> [Requirement]
Word for word, set down every line of the entries below from the line with "(\<lambda>x. ennreal (normal_density" to the line with "text \<open>Modulus of", including both, and no other line.

> [Records]
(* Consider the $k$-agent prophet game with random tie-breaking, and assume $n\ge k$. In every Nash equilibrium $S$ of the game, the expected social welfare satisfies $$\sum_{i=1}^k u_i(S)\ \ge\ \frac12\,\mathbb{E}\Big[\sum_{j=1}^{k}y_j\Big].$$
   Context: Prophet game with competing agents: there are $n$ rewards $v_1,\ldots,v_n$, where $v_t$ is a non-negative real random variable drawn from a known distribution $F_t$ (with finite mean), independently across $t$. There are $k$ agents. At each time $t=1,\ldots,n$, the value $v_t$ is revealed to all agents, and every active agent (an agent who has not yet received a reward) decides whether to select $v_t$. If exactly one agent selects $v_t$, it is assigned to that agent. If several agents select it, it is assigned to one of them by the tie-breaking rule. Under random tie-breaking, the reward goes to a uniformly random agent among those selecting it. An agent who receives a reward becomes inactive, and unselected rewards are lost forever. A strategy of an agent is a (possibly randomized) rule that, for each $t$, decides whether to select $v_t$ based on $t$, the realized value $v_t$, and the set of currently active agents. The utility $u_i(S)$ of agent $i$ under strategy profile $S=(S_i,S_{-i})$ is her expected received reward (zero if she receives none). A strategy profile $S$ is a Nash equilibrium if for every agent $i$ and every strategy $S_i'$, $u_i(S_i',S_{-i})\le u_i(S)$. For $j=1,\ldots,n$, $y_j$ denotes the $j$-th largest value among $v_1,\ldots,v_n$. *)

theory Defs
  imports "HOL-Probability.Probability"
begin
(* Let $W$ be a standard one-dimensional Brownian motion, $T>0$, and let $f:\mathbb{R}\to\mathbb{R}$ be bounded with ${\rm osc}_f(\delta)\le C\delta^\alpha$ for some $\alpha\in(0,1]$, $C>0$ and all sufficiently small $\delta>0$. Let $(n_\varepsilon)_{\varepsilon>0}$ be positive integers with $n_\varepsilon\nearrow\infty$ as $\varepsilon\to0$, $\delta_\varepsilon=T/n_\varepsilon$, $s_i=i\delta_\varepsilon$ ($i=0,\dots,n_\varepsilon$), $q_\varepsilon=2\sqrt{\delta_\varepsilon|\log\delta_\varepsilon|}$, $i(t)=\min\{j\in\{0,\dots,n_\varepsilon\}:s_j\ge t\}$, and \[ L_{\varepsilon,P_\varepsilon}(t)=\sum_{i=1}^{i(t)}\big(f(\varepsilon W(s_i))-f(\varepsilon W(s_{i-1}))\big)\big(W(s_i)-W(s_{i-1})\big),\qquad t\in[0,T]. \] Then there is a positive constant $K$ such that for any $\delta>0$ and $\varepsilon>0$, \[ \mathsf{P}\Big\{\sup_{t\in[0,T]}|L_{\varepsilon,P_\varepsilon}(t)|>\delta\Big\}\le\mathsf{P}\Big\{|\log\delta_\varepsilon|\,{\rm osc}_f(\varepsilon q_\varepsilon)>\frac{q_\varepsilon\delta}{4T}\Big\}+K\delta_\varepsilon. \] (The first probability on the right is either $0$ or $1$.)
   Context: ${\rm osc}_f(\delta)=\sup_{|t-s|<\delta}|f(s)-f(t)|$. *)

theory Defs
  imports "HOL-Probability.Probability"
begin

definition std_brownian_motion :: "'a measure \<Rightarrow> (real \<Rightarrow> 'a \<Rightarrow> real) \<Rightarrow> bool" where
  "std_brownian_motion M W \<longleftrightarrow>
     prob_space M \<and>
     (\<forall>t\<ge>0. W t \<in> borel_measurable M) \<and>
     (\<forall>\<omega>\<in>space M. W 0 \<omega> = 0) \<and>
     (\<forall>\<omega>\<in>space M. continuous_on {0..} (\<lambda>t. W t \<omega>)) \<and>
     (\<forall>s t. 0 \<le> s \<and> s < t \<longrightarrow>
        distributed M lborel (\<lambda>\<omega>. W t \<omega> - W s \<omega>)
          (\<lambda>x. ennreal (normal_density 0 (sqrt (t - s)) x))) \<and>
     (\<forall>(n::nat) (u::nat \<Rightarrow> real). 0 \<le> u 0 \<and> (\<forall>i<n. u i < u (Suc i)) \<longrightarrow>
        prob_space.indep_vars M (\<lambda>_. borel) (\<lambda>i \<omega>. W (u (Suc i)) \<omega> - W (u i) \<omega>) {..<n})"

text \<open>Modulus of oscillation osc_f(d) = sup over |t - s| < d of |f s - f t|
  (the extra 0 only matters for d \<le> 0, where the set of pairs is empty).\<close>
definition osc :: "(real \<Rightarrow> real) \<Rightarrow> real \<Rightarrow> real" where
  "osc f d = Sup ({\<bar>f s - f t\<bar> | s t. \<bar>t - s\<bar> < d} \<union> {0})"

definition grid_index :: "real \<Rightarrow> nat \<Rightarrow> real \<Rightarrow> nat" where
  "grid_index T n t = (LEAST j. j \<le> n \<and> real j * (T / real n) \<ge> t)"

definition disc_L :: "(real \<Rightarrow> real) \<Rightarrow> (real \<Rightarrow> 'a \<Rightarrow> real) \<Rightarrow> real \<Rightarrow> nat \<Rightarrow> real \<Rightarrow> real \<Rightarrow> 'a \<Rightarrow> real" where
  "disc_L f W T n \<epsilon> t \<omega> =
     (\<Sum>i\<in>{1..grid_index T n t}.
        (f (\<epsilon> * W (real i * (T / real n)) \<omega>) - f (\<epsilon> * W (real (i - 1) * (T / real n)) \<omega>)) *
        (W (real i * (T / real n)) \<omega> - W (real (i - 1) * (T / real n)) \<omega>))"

--

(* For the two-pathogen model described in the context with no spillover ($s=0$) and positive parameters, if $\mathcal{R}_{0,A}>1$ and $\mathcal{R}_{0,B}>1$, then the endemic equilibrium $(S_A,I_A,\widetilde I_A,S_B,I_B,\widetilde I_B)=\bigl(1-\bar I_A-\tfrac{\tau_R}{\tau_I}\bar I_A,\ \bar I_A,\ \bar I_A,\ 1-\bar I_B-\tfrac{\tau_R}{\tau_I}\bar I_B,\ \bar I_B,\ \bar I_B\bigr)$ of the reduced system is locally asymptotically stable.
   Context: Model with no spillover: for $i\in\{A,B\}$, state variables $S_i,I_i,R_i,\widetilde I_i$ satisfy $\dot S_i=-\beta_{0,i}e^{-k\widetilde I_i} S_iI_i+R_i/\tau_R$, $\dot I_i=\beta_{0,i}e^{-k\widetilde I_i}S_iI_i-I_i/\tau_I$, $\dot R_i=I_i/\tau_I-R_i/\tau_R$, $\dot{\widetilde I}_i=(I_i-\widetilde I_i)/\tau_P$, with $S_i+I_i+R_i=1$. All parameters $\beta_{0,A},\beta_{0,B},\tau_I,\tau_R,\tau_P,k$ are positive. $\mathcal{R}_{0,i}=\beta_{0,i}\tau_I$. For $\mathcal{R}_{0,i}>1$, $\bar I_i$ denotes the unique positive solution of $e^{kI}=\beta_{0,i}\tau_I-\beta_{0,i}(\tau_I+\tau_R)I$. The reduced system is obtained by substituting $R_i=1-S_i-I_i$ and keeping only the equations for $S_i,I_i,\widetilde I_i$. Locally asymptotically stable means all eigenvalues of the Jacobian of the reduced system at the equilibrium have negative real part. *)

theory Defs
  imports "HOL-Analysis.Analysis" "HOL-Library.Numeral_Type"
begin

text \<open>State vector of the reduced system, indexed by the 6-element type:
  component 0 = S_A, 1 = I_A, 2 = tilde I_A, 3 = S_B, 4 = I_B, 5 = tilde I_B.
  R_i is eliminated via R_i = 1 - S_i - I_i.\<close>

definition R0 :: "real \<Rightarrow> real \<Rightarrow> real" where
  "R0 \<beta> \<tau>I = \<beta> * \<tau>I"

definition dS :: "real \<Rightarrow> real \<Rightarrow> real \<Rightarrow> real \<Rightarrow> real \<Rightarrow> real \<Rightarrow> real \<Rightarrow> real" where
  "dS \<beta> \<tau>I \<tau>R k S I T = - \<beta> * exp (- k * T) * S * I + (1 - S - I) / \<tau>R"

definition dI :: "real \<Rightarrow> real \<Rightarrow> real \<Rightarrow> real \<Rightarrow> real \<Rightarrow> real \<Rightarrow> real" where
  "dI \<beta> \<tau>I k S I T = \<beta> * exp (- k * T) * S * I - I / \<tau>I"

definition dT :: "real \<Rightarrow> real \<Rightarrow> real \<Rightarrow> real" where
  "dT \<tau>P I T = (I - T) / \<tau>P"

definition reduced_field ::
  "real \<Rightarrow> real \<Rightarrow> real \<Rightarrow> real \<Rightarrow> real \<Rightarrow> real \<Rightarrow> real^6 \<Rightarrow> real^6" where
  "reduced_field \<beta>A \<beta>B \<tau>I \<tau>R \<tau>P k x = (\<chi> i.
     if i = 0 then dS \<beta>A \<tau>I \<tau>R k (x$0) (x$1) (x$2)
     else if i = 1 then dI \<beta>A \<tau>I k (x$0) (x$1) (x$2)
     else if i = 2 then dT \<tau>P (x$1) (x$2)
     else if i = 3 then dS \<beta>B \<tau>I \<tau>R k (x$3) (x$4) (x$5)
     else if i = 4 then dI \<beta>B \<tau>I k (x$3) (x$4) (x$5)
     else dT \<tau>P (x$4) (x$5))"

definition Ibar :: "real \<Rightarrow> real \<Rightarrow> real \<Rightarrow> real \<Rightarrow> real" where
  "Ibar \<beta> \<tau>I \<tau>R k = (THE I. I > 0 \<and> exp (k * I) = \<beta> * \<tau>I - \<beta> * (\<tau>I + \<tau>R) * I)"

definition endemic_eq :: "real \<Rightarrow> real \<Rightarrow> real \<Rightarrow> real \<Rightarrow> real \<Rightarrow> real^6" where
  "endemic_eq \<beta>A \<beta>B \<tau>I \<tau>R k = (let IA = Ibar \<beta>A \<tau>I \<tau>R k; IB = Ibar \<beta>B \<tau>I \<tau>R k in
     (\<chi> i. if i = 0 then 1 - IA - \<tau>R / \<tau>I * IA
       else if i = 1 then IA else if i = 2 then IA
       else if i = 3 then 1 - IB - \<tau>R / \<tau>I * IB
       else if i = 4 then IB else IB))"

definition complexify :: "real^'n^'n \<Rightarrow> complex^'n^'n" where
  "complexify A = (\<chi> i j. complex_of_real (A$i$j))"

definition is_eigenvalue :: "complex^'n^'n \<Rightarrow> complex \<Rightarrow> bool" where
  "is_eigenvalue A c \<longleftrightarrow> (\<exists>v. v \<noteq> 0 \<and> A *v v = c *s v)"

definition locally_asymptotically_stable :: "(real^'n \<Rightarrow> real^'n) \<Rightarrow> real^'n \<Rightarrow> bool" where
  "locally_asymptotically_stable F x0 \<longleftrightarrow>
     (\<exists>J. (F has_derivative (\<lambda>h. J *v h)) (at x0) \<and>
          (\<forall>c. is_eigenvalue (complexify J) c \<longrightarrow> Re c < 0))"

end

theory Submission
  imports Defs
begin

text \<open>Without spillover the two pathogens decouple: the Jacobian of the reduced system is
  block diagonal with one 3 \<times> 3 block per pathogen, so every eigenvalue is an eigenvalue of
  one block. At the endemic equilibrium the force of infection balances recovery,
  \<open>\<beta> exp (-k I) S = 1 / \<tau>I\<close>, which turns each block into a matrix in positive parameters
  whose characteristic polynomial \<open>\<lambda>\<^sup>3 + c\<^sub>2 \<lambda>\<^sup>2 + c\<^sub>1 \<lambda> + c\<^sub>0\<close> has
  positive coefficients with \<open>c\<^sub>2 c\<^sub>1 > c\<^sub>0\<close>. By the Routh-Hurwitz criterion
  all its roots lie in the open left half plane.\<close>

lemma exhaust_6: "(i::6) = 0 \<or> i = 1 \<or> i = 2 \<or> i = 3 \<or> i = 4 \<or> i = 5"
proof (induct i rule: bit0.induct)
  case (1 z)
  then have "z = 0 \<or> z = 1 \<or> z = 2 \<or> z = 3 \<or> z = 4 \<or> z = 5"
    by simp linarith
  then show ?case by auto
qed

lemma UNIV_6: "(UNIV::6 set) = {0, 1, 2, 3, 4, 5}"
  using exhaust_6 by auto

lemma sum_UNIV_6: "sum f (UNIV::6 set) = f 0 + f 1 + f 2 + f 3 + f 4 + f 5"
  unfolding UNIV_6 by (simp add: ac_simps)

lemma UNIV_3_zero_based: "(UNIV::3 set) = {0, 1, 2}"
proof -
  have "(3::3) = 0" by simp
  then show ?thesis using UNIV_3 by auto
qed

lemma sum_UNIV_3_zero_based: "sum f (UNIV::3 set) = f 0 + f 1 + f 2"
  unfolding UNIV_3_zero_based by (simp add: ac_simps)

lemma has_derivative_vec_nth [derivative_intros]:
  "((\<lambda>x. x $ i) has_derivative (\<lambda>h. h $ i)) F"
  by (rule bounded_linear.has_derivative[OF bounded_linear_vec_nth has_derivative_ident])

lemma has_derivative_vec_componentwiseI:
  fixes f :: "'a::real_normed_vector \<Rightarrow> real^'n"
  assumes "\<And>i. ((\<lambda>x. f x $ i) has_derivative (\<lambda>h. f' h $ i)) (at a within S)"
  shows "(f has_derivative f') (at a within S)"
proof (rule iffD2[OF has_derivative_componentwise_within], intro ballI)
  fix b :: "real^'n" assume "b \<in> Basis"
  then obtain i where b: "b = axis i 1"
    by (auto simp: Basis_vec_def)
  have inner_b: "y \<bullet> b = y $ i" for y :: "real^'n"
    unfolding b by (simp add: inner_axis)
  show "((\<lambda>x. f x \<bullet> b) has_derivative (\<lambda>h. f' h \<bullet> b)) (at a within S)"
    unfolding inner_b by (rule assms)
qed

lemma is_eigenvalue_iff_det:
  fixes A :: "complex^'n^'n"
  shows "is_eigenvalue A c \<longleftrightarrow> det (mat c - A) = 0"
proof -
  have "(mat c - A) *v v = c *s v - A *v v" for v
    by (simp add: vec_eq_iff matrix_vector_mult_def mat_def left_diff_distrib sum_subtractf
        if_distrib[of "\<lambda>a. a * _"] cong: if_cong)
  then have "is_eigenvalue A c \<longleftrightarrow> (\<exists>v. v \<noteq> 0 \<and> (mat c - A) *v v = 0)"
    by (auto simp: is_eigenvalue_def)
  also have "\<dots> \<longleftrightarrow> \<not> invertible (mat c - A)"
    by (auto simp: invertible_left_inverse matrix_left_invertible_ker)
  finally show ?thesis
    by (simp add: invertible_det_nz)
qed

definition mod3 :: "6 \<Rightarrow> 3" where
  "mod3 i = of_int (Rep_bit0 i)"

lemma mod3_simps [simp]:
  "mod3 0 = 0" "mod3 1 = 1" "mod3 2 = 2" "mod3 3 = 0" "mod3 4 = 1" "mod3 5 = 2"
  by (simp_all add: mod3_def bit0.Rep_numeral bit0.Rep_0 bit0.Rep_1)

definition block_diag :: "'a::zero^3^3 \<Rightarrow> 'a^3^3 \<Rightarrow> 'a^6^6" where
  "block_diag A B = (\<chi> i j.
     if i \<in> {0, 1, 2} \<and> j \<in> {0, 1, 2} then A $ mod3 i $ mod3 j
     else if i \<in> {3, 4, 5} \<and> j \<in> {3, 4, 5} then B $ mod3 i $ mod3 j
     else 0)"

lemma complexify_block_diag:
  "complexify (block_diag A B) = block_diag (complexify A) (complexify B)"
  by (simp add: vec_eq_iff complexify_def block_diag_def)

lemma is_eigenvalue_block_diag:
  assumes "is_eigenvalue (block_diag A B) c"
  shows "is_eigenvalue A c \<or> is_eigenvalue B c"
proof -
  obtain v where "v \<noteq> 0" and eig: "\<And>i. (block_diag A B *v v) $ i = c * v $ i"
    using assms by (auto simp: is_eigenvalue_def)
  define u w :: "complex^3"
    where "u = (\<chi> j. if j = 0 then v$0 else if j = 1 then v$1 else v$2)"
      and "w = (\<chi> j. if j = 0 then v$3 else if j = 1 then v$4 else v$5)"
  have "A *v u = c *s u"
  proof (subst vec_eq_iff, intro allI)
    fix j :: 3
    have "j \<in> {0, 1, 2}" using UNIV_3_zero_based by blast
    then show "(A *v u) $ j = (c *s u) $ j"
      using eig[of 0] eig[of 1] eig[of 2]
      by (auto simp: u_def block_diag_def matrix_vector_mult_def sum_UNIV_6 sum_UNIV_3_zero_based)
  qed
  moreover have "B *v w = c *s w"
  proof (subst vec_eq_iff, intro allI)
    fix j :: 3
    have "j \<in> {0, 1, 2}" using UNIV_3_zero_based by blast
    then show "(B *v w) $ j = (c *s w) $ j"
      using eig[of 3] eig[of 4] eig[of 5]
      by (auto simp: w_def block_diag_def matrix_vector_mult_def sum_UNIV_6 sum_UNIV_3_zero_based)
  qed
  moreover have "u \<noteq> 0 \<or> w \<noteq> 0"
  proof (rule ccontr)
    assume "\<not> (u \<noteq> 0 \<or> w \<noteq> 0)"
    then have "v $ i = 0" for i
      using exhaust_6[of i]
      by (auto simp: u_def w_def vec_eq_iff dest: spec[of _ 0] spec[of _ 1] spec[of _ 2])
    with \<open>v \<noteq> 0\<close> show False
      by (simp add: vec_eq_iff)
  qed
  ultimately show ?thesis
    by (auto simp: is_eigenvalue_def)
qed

...

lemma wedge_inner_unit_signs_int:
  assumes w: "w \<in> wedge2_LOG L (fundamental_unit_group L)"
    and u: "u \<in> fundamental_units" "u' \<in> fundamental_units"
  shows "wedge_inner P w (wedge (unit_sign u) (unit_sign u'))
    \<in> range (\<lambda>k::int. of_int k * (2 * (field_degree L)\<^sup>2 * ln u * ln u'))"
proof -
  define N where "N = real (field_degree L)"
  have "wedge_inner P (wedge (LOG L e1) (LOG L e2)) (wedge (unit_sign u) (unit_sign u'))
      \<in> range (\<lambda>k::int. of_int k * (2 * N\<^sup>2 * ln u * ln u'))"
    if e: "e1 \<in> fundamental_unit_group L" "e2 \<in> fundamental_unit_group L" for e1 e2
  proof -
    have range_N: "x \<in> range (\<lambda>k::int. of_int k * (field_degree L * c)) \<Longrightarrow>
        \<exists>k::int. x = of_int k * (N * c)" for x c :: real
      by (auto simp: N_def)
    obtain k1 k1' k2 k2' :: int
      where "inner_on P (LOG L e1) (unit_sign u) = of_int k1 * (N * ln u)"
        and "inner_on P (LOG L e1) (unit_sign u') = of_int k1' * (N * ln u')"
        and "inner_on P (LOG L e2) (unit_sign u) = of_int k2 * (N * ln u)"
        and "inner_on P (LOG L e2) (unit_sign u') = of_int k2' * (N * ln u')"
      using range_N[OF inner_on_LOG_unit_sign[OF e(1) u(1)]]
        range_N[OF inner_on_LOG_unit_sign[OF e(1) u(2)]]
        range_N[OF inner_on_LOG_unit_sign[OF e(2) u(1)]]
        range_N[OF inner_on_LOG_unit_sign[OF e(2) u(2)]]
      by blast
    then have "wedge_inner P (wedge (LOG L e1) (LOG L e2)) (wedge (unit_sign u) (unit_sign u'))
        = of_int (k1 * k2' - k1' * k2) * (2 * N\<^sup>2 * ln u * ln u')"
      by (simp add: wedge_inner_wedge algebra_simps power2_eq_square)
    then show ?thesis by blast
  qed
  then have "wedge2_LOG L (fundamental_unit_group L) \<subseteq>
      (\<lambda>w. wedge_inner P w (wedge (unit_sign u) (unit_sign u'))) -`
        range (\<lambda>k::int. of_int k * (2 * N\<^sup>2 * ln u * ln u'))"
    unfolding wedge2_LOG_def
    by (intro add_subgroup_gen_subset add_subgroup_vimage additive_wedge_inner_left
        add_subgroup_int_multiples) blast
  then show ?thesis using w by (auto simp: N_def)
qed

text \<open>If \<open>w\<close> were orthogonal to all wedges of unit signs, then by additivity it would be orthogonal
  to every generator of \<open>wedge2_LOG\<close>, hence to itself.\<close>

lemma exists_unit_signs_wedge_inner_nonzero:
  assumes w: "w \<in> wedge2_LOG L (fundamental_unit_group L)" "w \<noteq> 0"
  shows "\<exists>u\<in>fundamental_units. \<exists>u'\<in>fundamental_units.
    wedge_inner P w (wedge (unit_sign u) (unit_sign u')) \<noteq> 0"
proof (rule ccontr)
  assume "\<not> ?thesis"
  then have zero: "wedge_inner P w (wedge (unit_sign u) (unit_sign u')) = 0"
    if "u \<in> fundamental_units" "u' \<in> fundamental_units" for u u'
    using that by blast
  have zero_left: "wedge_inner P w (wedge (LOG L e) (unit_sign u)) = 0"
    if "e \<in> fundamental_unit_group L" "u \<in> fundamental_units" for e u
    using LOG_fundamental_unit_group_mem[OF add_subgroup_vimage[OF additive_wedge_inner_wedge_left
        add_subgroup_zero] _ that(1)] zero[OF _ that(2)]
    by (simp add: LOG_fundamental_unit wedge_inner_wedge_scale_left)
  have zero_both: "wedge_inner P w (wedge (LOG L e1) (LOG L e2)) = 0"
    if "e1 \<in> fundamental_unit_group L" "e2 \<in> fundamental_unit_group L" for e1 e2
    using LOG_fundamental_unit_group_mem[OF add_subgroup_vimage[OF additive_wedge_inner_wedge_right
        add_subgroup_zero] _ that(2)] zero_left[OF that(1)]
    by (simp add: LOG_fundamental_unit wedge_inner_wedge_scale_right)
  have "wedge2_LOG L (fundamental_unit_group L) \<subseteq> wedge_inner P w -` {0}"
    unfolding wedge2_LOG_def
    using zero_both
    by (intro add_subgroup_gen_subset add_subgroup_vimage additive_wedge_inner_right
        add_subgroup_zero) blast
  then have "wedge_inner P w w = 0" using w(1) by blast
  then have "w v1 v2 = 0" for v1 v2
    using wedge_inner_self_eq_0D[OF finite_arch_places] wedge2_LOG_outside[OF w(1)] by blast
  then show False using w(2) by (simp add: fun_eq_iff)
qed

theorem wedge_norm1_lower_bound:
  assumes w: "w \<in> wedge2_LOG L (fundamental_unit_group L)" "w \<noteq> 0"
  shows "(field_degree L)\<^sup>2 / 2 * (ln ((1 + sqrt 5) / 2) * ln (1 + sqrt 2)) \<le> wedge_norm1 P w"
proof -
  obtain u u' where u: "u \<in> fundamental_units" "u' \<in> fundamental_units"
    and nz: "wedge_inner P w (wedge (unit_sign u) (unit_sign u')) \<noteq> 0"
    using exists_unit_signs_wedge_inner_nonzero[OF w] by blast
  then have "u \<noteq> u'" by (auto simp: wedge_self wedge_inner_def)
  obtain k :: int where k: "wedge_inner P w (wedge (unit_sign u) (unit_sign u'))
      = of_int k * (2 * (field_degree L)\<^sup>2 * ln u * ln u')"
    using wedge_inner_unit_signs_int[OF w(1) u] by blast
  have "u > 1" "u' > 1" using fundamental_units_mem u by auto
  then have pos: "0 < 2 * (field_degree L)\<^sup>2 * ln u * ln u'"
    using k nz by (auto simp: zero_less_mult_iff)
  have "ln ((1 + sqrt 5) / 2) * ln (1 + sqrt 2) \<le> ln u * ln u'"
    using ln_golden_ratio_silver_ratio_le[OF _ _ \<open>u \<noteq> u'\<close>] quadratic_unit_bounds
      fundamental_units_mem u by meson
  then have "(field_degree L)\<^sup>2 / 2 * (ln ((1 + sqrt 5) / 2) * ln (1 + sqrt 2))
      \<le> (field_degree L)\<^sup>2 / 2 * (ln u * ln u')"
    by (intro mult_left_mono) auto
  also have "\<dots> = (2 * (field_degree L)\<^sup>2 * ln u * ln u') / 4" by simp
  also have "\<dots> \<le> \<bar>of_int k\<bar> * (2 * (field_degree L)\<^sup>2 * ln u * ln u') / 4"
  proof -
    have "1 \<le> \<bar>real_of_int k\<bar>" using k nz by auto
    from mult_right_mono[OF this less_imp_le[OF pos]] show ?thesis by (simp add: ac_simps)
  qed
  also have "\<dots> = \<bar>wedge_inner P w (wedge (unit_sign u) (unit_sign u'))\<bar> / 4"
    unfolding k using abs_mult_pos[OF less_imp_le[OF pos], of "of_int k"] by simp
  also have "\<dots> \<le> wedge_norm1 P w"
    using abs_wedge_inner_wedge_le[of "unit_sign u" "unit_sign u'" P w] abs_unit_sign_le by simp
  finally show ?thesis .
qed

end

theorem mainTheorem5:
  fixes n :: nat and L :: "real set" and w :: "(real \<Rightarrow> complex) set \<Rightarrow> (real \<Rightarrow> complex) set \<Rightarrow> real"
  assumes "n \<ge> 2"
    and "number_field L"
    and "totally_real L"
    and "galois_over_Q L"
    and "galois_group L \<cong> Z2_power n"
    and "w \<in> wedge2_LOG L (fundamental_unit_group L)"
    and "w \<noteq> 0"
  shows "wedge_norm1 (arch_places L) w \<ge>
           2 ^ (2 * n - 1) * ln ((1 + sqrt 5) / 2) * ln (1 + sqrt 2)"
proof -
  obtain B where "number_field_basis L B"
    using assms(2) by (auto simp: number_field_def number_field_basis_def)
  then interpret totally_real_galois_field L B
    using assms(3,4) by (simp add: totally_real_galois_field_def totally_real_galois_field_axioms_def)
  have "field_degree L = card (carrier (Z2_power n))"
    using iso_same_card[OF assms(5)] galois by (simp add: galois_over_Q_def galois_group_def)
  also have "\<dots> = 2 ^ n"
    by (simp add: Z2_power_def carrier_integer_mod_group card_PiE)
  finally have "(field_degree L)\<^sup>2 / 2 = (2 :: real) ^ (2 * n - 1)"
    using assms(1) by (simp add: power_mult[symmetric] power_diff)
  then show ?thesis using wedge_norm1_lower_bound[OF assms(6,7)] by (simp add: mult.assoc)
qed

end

> [Response box]
          (\<lambda>x. ennreal (normal_density 0 (sqrt (t - s)) x))) \<and>
     (\<forall>(n::nat) (u::nat \<Rightarrow> real). 0 \<le> u 0 \<and> (\<forall>i<n. u i < u (Suc i)) \<longrightarrow>
        prob_space.indep_vars M (\<lambda>_. borel) (\<lambda>i \<omega>. W (u (Suc i)) \<omega> - W (u i) \<omega>) {..<n})"

text \<open>Modulus of oscillation osc_f(d) = sup over |t - s| < d of |f s - f t|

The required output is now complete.